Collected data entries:
***

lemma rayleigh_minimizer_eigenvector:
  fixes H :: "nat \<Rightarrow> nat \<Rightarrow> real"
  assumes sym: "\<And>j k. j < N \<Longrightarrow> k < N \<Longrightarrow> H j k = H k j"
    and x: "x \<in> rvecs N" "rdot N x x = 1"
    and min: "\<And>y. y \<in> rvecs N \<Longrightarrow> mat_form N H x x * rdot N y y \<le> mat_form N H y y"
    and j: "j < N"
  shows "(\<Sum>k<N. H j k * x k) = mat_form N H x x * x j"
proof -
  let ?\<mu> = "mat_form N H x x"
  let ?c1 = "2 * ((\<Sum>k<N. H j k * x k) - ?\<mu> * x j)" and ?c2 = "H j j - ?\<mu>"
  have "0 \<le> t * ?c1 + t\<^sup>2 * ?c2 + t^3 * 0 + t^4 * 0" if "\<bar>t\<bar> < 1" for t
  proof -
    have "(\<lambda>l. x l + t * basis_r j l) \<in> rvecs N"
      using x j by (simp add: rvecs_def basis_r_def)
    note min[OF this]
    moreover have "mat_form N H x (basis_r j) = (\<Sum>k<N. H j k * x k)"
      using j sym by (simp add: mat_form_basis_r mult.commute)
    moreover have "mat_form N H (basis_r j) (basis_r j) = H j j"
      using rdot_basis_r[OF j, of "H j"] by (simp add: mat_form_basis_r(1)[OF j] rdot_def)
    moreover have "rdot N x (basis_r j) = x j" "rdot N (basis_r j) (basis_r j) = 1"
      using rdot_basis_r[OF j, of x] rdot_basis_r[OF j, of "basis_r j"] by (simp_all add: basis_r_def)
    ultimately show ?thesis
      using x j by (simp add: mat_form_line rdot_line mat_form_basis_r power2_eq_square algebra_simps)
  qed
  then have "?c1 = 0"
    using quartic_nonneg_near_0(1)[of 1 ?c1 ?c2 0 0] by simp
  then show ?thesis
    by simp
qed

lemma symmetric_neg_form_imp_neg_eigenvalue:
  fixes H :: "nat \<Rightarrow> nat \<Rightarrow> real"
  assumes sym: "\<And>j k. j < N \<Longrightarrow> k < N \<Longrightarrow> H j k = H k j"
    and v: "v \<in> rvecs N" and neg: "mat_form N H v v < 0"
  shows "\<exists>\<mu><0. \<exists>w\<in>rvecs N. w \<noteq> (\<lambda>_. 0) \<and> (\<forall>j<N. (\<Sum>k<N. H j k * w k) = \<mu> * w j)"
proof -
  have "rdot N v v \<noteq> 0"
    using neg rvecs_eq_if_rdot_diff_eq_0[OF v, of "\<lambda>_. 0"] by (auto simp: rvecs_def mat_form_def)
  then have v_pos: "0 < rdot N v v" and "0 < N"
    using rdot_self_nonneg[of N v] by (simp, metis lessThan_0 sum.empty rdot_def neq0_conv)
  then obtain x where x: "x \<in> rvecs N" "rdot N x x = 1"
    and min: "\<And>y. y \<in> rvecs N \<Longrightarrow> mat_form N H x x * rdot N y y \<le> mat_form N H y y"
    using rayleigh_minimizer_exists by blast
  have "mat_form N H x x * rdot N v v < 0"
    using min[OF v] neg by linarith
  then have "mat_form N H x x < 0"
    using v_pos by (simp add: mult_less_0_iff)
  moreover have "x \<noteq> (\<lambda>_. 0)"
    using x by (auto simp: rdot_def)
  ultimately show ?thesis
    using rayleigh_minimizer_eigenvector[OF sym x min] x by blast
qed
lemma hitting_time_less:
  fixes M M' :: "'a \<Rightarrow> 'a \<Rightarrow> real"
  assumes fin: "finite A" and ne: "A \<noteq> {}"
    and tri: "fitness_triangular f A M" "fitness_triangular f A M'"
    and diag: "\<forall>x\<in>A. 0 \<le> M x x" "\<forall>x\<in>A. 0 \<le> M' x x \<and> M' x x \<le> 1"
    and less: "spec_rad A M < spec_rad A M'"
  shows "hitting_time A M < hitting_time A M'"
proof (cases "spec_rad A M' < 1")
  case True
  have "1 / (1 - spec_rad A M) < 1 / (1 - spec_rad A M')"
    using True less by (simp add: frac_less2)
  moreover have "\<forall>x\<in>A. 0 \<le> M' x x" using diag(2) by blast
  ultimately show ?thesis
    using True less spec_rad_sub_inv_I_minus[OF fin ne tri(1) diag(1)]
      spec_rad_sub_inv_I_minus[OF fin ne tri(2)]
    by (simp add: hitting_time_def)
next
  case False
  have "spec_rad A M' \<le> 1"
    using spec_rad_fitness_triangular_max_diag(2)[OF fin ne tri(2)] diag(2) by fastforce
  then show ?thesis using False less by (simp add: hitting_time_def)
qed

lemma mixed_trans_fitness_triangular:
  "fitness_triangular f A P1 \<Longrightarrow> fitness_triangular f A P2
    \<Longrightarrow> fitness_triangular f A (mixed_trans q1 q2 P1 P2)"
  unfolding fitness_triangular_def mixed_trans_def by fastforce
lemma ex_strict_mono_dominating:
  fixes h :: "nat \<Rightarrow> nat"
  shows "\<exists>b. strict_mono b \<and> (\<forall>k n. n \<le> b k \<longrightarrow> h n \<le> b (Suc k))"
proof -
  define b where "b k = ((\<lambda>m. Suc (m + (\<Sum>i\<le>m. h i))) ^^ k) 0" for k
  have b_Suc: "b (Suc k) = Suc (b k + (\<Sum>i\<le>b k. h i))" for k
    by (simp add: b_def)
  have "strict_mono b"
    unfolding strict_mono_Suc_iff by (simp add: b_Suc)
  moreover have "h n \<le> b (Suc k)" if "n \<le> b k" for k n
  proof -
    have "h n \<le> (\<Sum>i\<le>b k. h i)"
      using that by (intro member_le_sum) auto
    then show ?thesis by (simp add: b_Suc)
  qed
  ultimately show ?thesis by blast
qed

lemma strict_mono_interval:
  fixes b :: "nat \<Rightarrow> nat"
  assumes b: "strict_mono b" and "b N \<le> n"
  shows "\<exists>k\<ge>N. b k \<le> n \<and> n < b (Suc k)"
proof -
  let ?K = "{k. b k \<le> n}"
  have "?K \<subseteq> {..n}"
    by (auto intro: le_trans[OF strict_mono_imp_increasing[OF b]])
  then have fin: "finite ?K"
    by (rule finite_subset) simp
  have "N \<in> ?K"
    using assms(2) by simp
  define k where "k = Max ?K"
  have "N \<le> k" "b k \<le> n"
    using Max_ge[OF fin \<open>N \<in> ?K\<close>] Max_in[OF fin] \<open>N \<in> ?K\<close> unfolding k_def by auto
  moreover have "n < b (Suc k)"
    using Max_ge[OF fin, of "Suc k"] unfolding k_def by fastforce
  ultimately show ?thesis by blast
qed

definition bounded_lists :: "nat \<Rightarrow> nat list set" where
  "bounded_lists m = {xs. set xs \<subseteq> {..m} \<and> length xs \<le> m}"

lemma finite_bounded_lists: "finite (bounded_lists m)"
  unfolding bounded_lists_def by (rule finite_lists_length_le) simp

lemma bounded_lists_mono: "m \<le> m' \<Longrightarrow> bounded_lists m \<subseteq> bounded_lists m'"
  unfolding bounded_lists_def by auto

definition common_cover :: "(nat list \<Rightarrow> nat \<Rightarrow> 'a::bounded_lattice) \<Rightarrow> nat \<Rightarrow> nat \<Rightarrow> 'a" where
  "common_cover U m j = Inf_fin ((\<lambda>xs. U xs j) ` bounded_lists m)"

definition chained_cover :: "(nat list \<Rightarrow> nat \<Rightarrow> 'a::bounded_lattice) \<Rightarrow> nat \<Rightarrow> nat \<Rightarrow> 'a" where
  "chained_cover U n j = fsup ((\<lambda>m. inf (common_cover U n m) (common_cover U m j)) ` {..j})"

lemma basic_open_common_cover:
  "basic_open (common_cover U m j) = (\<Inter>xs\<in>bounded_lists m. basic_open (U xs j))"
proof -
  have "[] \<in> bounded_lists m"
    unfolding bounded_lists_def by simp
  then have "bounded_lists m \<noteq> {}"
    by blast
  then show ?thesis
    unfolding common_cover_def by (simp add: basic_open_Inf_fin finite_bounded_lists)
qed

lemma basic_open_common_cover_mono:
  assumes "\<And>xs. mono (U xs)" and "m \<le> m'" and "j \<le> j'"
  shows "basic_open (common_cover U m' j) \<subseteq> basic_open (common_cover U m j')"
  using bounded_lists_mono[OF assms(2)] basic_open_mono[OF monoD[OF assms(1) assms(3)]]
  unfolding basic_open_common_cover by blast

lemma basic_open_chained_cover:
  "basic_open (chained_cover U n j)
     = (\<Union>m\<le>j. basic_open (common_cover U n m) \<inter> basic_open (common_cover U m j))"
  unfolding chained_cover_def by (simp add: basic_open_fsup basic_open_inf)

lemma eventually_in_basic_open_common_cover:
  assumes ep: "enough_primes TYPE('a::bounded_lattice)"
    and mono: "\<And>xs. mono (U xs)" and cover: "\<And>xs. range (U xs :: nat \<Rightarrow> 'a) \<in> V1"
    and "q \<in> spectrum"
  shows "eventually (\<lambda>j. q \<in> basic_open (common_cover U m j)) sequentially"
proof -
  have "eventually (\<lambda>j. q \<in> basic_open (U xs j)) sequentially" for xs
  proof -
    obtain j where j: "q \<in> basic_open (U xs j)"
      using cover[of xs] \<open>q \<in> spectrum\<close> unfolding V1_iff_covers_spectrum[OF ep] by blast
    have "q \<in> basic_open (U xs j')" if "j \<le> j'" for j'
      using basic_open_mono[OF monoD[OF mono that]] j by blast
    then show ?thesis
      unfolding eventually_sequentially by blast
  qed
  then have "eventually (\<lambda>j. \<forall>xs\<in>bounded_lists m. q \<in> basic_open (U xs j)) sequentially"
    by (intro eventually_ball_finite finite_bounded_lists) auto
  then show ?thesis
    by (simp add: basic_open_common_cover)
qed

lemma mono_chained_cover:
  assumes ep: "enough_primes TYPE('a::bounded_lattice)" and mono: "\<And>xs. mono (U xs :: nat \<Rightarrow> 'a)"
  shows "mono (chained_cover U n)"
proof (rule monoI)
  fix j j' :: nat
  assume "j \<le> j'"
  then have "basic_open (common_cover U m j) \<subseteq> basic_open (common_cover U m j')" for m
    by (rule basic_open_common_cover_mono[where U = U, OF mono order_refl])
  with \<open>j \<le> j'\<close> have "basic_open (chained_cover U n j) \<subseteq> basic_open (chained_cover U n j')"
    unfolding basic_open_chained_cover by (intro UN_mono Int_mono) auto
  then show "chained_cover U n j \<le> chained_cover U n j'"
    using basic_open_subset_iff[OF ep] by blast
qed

***

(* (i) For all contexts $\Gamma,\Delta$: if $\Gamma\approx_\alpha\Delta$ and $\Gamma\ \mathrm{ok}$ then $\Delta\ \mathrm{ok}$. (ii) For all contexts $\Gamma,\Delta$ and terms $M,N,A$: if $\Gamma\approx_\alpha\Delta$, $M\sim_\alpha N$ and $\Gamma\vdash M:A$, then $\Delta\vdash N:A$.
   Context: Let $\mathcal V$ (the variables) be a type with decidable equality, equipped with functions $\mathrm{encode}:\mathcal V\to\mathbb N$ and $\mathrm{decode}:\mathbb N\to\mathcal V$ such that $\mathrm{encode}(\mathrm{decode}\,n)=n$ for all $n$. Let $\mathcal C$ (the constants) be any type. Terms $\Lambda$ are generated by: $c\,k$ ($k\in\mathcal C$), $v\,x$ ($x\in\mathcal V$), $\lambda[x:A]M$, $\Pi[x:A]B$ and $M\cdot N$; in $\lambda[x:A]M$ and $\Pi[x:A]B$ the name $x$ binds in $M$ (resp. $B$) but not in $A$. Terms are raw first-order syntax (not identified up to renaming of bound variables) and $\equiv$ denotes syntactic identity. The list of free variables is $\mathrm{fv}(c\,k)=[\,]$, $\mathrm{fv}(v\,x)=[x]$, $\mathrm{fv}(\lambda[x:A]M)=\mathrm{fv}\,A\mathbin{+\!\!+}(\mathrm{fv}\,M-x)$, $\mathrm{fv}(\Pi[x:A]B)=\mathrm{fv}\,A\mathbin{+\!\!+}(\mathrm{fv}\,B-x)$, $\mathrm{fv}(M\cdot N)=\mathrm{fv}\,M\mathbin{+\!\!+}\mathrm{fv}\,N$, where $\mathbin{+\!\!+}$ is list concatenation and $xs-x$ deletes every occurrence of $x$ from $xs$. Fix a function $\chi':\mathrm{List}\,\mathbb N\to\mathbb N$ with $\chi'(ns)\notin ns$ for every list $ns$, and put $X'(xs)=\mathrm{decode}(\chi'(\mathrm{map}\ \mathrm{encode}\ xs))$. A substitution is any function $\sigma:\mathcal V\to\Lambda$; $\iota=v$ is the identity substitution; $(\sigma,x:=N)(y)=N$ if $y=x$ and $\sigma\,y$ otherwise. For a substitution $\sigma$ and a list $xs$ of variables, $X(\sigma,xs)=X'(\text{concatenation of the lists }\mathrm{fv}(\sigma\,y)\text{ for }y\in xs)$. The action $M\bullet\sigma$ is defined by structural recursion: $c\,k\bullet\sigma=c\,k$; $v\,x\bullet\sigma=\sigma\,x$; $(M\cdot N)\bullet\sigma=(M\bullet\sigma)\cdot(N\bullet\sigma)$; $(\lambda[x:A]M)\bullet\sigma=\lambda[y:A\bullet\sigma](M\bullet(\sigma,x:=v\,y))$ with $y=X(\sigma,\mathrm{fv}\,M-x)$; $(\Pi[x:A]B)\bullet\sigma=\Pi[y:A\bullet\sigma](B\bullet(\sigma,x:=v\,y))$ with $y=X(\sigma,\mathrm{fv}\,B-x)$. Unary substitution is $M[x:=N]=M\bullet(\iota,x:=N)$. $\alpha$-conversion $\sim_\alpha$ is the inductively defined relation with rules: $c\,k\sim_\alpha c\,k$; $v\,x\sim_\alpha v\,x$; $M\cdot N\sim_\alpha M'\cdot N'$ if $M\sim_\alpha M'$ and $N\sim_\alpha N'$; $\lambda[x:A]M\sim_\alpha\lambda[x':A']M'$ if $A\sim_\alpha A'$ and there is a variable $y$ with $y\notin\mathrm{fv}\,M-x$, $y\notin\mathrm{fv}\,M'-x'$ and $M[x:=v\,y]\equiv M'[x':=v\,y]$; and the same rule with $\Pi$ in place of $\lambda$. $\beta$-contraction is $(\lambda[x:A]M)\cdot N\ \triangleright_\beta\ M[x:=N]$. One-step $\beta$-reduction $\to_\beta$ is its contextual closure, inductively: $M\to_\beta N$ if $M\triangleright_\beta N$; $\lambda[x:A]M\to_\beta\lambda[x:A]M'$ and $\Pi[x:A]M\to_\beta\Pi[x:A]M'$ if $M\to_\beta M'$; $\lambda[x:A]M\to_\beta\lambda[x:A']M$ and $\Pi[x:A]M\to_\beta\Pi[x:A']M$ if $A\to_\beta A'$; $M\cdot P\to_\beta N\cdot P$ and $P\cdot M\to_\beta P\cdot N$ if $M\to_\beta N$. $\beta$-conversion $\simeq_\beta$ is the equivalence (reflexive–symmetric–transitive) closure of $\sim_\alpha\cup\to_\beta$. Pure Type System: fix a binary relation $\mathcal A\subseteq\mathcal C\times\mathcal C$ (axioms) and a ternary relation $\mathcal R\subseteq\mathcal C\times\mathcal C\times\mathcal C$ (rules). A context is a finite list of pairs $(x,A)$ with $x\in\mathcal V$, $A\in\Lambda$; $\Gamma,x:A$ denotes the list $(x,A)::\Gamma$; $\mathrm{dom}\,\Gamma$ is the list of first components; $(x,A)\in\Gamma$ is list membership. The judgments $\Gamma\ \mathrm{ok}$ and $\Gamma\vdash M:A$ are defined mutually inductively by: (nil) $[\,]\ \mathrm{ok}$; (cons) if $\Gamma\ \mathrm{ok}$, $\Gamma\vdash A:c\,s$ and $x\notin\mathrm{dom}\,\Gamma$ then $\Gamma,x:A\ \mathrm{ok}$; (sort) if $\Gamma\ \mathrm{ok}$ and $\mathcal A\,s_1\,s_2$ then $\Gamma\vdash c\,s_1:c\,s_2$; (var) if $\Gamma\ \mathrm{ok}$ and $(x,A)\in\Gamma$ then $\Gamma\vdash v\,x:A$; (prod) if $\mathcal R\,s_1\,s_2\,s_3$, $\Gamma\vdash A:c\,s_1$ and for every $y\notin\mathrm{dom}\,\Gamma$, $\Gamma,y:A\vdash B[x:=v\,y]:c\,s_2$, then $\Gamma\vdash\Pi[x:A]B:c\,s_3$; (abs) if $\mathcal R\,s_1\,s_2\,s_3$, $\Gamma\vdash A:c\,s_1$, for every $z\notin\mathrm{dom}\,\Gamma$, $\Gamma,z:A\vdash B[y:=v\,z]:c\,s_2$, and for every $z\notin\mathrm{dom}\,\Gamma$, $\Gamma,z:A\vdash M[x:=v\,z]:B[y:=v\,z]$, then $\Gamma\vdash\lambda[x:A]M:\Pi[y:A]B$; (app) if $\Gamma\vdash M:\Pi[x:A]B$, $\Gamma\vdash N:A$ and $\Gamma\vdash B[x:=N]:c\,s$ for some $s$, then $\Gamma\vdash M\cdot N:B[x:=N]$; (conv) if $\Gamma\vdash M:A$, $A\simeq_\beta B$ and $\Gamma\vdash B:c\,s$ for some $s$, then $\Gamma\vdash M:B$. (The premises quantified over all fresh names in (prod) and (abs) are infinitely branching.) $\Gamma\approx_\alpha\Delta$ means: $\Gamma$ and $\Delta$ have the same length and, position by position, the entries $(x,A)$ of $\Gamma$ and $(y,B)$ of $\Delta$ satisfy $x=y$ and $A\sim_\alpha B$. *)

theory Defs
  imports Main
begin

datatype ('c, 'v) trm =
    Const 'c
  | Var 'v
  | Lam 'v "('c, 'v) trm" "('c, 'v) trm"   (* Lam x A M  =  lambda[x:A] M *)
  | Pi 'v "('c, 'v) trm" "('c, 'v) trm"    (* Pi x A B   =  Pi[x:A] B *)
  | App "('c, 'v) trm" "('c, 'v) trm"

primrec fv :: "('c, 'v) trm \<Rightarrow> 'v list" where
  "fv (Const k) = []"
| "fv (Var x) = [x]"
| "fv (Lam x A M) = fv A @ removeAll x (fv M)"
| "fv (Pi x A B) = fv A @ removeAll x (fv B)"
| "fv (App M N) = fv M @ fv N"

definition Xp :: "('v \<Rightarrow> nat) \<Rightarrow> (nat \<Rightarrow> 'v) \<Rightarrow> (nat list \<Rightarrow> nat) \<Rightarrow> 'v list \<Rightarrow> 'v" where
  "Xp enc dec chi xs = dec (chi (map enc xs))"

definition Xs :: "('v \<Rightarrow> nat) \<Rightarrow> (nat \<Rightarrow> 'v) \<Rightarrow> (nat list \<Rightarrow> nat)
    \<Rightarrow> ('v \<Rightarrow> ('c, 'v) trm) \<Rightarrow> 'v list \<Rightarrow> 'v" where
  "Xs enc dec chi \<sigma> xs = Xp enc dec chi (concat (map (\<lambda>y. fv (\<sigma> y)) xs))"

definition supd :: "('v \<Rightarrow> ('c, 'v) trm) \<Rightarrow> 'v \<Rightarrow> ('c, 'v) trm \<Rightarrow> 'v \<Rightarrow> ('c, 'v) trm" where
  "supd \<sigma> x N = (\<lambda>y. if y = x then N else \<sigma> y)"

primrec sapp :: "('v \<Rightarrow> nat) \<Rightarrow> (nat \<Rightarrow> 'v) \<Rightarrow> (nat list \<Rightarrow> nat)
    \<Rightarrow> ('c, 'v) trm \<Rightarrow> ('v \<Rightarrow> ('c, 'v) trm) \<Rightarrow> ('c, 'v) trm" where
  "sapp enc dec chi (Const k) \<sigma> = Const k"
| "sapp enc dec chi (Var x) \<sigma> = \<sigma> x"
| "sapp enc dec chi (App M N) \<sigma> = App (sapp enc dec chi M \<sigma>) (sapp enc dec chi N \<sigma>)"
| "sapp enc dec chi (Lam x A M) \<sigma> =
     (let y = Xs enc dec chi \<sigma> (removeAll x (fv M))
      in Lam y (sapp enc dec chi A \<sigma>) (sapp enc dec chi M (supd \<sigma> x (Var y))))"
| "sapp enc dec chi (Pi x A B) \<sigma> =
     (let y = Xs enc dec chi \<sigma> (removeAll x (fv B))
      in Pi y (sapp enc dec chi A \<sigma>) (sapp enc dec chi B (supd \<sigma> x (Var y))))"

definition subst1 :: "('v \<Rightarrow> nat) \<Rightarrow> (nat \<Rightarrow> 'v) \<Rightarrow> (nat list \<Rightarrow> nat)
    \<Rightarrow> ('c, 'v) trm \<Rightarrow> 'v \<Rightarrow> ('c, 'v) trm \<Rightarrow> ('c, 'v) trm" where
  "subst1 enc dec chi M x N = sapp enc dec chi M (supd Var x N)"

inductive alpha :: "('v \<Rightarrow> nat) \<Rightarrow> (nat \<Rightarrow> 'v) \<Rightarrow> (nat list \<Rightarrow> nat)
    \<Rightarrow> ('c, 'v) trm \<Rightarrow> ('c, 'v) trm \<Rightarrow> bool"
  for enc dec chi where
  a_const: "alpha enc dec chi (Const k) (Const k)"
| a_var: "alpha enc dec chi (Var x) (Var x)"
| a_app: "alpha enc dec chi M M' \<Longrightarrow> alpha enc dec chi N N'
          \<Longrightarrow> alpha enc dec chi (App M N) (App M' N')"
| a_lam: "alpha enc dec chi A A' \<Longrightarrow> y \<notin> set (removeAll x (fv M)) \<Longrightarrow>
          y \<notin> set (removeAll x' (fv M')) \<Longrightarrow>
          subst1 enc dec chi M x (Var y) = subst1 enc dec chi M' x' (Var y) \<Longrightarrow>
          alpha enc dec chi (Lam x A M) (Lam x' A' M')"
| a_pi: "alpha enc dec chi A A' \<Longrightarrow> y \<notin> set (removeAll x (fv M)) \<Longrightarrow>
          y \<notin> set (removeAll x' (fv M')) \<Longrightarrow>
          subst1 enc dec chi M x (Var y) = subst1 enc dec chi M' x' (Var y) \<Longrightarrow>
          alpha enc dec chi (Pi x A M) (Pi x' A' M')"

***

### EXERCISE GOAL
Copy exactly the stretch of data above from the line with "trm \<Rightarrow> ('c, 'v) trm \<Rightarrow>" through the line with "dec chi N N'", and omit all other lines.

### THE ANSWER
    \<Rightarrow> ('c, 'v) trm \<Rightarrow> ('c, 'v) trm \<Rightarrow> bool"
  for enc dec chi where
  a_const: "alpha enc dec chi (Const k) (Const k)"
| a_var: "alpha enc dec chi (Var x) (Var x)"
| a_app: "alpha enc dec chi M M' \<Longrightarrow> alpha enc dec chi N N'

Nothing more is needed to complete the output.